The average stay for Brazilians only increased by 1.5 percent to 6.1 days on average, however, meaning the emphasis remains on short trips.

The second biggest increase in visitors was seen in Paraguayan tourists, whose numbers rose 7.3 percent in May 2017 (compared to May 2016), reaching a total of 5,400. Those arriving from the rest of the Americas (not including Mercosur countries) increased by 5.7 percent to total 25,700.

All visitors on average, however, are staying less time in Argentina. The average stay in total for tourists was 11.6 nights in May 2017, with those staying the longest being Europeans at 21.9 nights, followed by the Americans and Canada at 15.5 nights and countries forming part of the rest of America at 14.5 nights.

Overall, the average number of nights in Argentina decreased by 2.8 percent in May, in comparison to the same month last year.

The International Tourism Survey takes its data from measurements totalling an estimated 50 percent of all tourism in the country, taking into account the Ezeiza international airport, Jorge Newberry, the Buenos Aires Port and Córdoba International Airport.

Tourism recovering

Although the growth in international tourism was tepid on the whole, it continues the positive trend seen since the numbers began to freefall in 2012, a year after having reached a historic record in 2011. From 2003 until 2011, the numbers of foreign visitors visiting Argentina had grown rapidly year-on-year.

When examining the number of international tourists visiting the country during the same five-month period between 2013 and 2015, two trends can be identified. The first five months of 2013 saw 2.2 million total international tourists visiting the country, before rising to 2.6 million in 2014 and 2.67 million in 2015. In those years, residents travelling abroad measured fell from 3.49 million in 2013 to 3.42 million in 2014, before spiking at 3.8 million in 2015.

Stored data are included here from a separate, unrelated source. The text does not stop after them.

(* Let $\lambda,\mu$ be integral partitions with $\lambda\neq\mu$, and suppose $\|\lambda\|_p=\|\mu\|_p$ for some real $p$ with $1<p<\infty$. Then $\lambda^{\times n}\not\hookrightarrow\mu^{\times n}$ for every positive integer $n$.
   Context: An integral partition is a finite nonincreasing sequence of positive integers (equality means equality as multisets of entries). For $p\in[1,\infty)$, $\|\lambda\|_p=(\sum_i\lambda_i^p)^{1/p}$. The product $\lambda\times\mu$ of $\lambda=[\lambda_1,\ldots,\lambda_m]$ and $\mu=[\mu_1,\ldots,\mu_n]$ is the partition whose entries are all products $\lambda_i\mu_j$ ($1\le i\le m$, $1\le j\le n$), reordered nonincreasingly; $\lambda^{\times n}$ is the $n$-fold product $\lambda\times\cdots\times\lambda$. $\lambda$ embeds into $\mu$, written $\lambda\hookrightarrow\mu$, if there is a map $\varphi:\{1,\ldots,m\}\to\{1,\ldots,n\}$ with $\sum_{i\in\varphi^{-1}(j)}\lambda_i\le\mu_j$ for all $j$. *)

theory Defs
  imports Complex_Main
begin

text \<open>An integral partition: a finite nonincreasing list of positive naturals.
  Since entries are sorted, list equality coincides with multiset equality.\<close>
definition is_partition :: "nat list \<Rightarrow> bool" where
  "is_partition xs \<longleftrightarrow> sorted_wrt (\<ge>) xs \<and> (\<forall>x\<in>set xs. 0 < x)"

definition pnorm :: "real \<Rightarrow> nat list \<Rightarrow> real" where
  "pnorm p xs = (\<Sum>x\<leftarrow>xs. real x powr p) powr (1 / p)"

definition ptimes :: "nat list \<Rightarrow> nat list \<Rightarrow> nat list" where
  "ptimes xs ys = rev (sort [x * y. x \<leftarrow> xs, y \<leftarrow> ys])"

fun ppow :: "nat list \<Rightarrow> nat \<Rightarrow> nat list" where
  "ppow xs 0 = [1]"
| "ppow xs (Suc n) = ptimes (ppow xs n) xs"

definition embeds :: "nat list \<Rightarrow> nat list \<Rightarrow> bool" where
  "embeds xs ys \<longleftrightarrow> (\<exists>\<phi> :: nat \<Rightarrow> nat.
      (\<forall>i < length xs. \<phi> i < length ys) \<and>
      (\<forall>j < length ys. (\<Sum>i | i < length xs \<and> \<phi> i = j. xs ! i) \<le> ys ! j))"

end

theory Submission
  imports Defs "HOL-Library.Multiset"
begin

(* Write S_p(xs) for the sum of the p-th powers of the entries. S_p is multiplicative under the
   product of partitions, so S_p(lam^n) = S_p(mu^n). Since t |-> t^p is strictly superadditive
   for p > 1, an embedding of lam^n into mu^n with equal p-th power sums must send the entries
   bijectively to equal entries, hence lam^n = mu^n as multisets. Then S_k(lam)^n = S_k(mu)^n
   for every natural k, so lam and mu have the same power sums of all orders. These determine a
   multiset of positive reals: the multiplicity of the largest entry M is the limit of
   S_k / M^k, after which one copy of M is removed from both sides. *)

definition power_sum :: "real \<Rightarrow> nat list \<Rightarrow> real" where
  "power_sum p xs = (\<Sum>x\<leftarrow>xs. real x powr p)"

lemma power_sum_nonneg: "0 \<le> power_sum p xs"
  unfolding power_sum_def by (intro sum_list_nonneg) auto

lemma power_sum_eq_pnorm_powr: "p \<noteq> 0 \<Longrightarrow> power_sum p xs = pnorm p xs powr p"
  unfolding pnorm_def power_sum_def[symmetric] using power_sum_nonneg by (simp add: powr_powr)

lemma power_sum_mset_cong: "mset xs = mset ys \<Longrightarrow> power_sum p xs = power_sum p ys"
  unfolding power_sum_def by (metis mset_map sum_mset_sum_list)

lemma power_sum_ptimes: "power_sum p (ptimes xs ys) = power_sum p xs * power_sum p ys"
proof -
  have "power_sum p (ptimes xs ys) = power_sum p [x * y. x \<leftarrow> xs, y \<leftarrow> ys]"
    unfolding ptimes_def by (rule power_sum_mset_cong) simp
  also have "\<dots> = power_sum p xs * power_sum p ys"
    by (induction xs)
      (simp_all add: power_sum_def comp_def powr_mult sum_list_const_mult distrib_right)
  finally show ?thesis .
qed

lemma power_sum_ppow: "power_sum p (ppow xs n) = power_sum p xs ^ n"
  by (induction n) (simp add: power_sum_def, simp add: power_sum_ptimes)

lemma power_sum_eq_sum_nth: "power_sum p xs = (\<Sum>i<length xs. real (xs ! i) powr p)"
  unfolding power_sum_def by (simp add: sum_list_sum_nth atLeast0LessThan)

(* Positivity matters here: 0 powr 0 = 0, whereas 0 ^ 0 = 1. *)
lemma power_sum_of_nat:
  assumes "\<forall>x\<in>set xs. 0 < x"
  shows "power_sum (real k) xs = (\<Sum>x\<in>#image_mset real (mset xs). x ^ k)"
proof -
  have "power_sum (real k) xs = (\<Sum>x\<leftarrow>xs. real x ^ k)"
    unfolding power_sum_def using assms
    by (intro arg_cong[of _ _ sum_list] map_cong) (simp_all add: powr_realpow)
  then show ?thesis by (simp flip: sum_mset_sum_list add: image_mset.compositionality comp_def)
qed

lemma ppow_pos: "\<forall>x\<in>set xs. 0 < x \<Longrightarrow> \<forall>x\<in>set (ppow xs n). 0 < x"
  by (induction n) (auto simp: ptimes_def)

lemma powr_le_mult_powr:
  fixes x y p :: real
  assumes "0 \<le> x" "x \<le> y" "1 \<le> p"
  shows "x powr p \<le> x * y powr (p - 1)"
proof -
  have "x powr p = x * x powr (p - 1)" using assms(1) powr_mult_base[of x "p - 1"] by simp
  also have "\<dots> \<le> x * y powr (p - 1)" using assms by (intro mult_left_mono powr_mono2) auto
  finally show ?thesis .
qed

lemma powr_less_mult_powr:
  fixes x y p :: real
  assumes "0 < x" "x < y" "1 < p"
  shows "x powr p < x * y powr (p - 1)"
proof -
  have "x powr p = x * x powr (p - 1)" using assms(1) powr_mult_base[of x "p - 1"] by simp
  also have "\<dots> < x * y powr (p - 1)"
    using assms by (intro mult_strict_left_mono powr_less_mono2) auto
  finally show ?thesis .
qed

lemma sum_mult_powr_sum:
  fixes f :: "'a \<Rightarrow> real"
  assumes "\<forall>i\<in>I. 0 \<le> f i"
  shows "(\<Sum>i\<in>I. f i * sum f I powr (p - 1)) = sum f I powr p"
  using assms powr_mult_base[of "sum f I" "p - 1"] by (simp add: sum_nonneg flip: sum_distrib_right)

lemma sum_powr_le_powr_sum:
  fixes f :: "'a \<Rightarrow> real"
  assumes "finite I" "\<forall>i\<in>I. 0 \<le> f i" "1 \<le> p"
  shows "(\<Sum>i\<in>I. f i powr p) \<le> sum f I powr p"
proof -
  have "f i powr p \<le> f i * sum f I powr (p - 1)" if "i \<in> I" for i
    using assms that by (intro powr_le_mult_powr member_le_sum) auto
  then have "(\<Sum>i\<in>I. f i powr p) \<le> (\<Sum>i\<in>I. f i * sum f I powr (p - 1))"
    by (rule sum_mono)
  then show ?thesis using assms(2) by (simp add: sum_mult_powr_sum)
qed

lemma sum_powr_less_powr_sum:
  fixes f :: "'a \<Rightarrow> real"
  assumes "finite I" "\<forall>i\<in>I. 0 < f i" "1 < p" "i \<in> I" "j \<in> I" "i \<noteq> j"
  shows "(\<Sum>i\<in>I. f i powr p) < sum f I powr p"
proof -
  have le: "f k powr p \<le> f k * sum f I powr (p - 1)" if "k \<in> I" for k
    using assms that by (intro powr_le_mult_powr member_le_sum) (auto simp: less_imp_le)
  have "f i + f j \<le> sum f I"
    using assms sum_mono2[of I "{i, j}" f] by (auto simp: less_imp_le)
  then have "f i powr p < f i * sum f I powr (p - 1)"
    using assms(2-5) by (intro powr_less_mult_powr) auto
  then have "(\<Sum>i\<in>I. f i powr p) < (\<Sum>i\<in>I. f i * sum f I powr (p - 1))"
    using le assms(1,4) by (intro sum_strict_mono_ex1) auto
  then show ?thesis using assms(2) by (simp add: sum_mult_powr_sum less_imp_le)
qed

lemma sum_powr_eq_powr_imp_singleton:
  fixes f :: "'a \<Rightarrow> real"
  assumes "finite I" "\<forall>i\<in>I. 0 < f i" "sum f I \<le> y" "0 < y" "1 < p"
    and eq: "(\<Sum>i\<in>I. f i powr p) = y powr p"
  shows "\<exists>i. I = {i} \<and> f i = y"
proof -
  have "I \<noteq> {}" using eq \<open>0 < y\<close> by auto
  then obtain i where "i \<in> I" by blast
  have "I = {i}"
  proof (rule ccontr)
    assume "I \<noteq> {i}"
    with \<open>i \<in> I\<close> obtain j where "j \<in> I" "j \<noteq> i" by blast
    then have "(\<Sum>i\<in>I. f i powr p) < sum f I powr p"
      using assms(1,2,5) \<open>i \<in> I\<close> by (intro sum_powr_less_powr_sum) auto
    also have "\<dots> \<le> y powr p"
      using assms(2,3,5) sum_nonneg[of I f] by (intro powr_mono2) (auto simp: less_imp_le)
    finally show False using eq by simp
  qed
  moreover have "f i = y"
  proof (rule ccontr)
    assume "f i \<noteq> y"
    then have "f i < y" using assms(3) \<open>I = {i}\<close> by simp
    then have "f i powr p < y powr p"
      using assms(2,5) \<open>i \<in> I\<close> by (intro powr_less_mono2) (auto simp: less_imp_le)
    then show False using eq \<open>I = {i}\<close> by simp
  qed
  ultimately show ?thesis by blast
qed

“Foreign tourism to the country has been going through a sustained recovery. The progress in better airline connectivity, international direct flights to different national destinations, is bringing Argentina closer to the rest of the world,” Tourism Minister Gustavo Santos told Télam this week.

The growth in tourism, however, is believed to be driven mostly by business travel. This is because the country is viewed as “expensive” for tourists due to continuing high levels of inflation. Yet corporate trips still have grown slowly in the meantime, as the government pushes to reshape the economy and generate more investment. With events like the G20 coming next year, this trend is expected to continue.

“There are a few more tourists, but in general the increase in foreigners is explained by corporate trips. For tourists in general, Argentina is expensive, because of the stable dollar in this inflationary context. This equation leads to less visiting tourists and more people travelling abroad,” hotel consultant Arturo García Rosa, the president of Sahic and RHC Latin America told the El Cronista newspaper this week.

García Rosa believes that the year would end on a positive note and that numbers will pick up even more in the first half of 2018 due to an anticipated increase in business travel.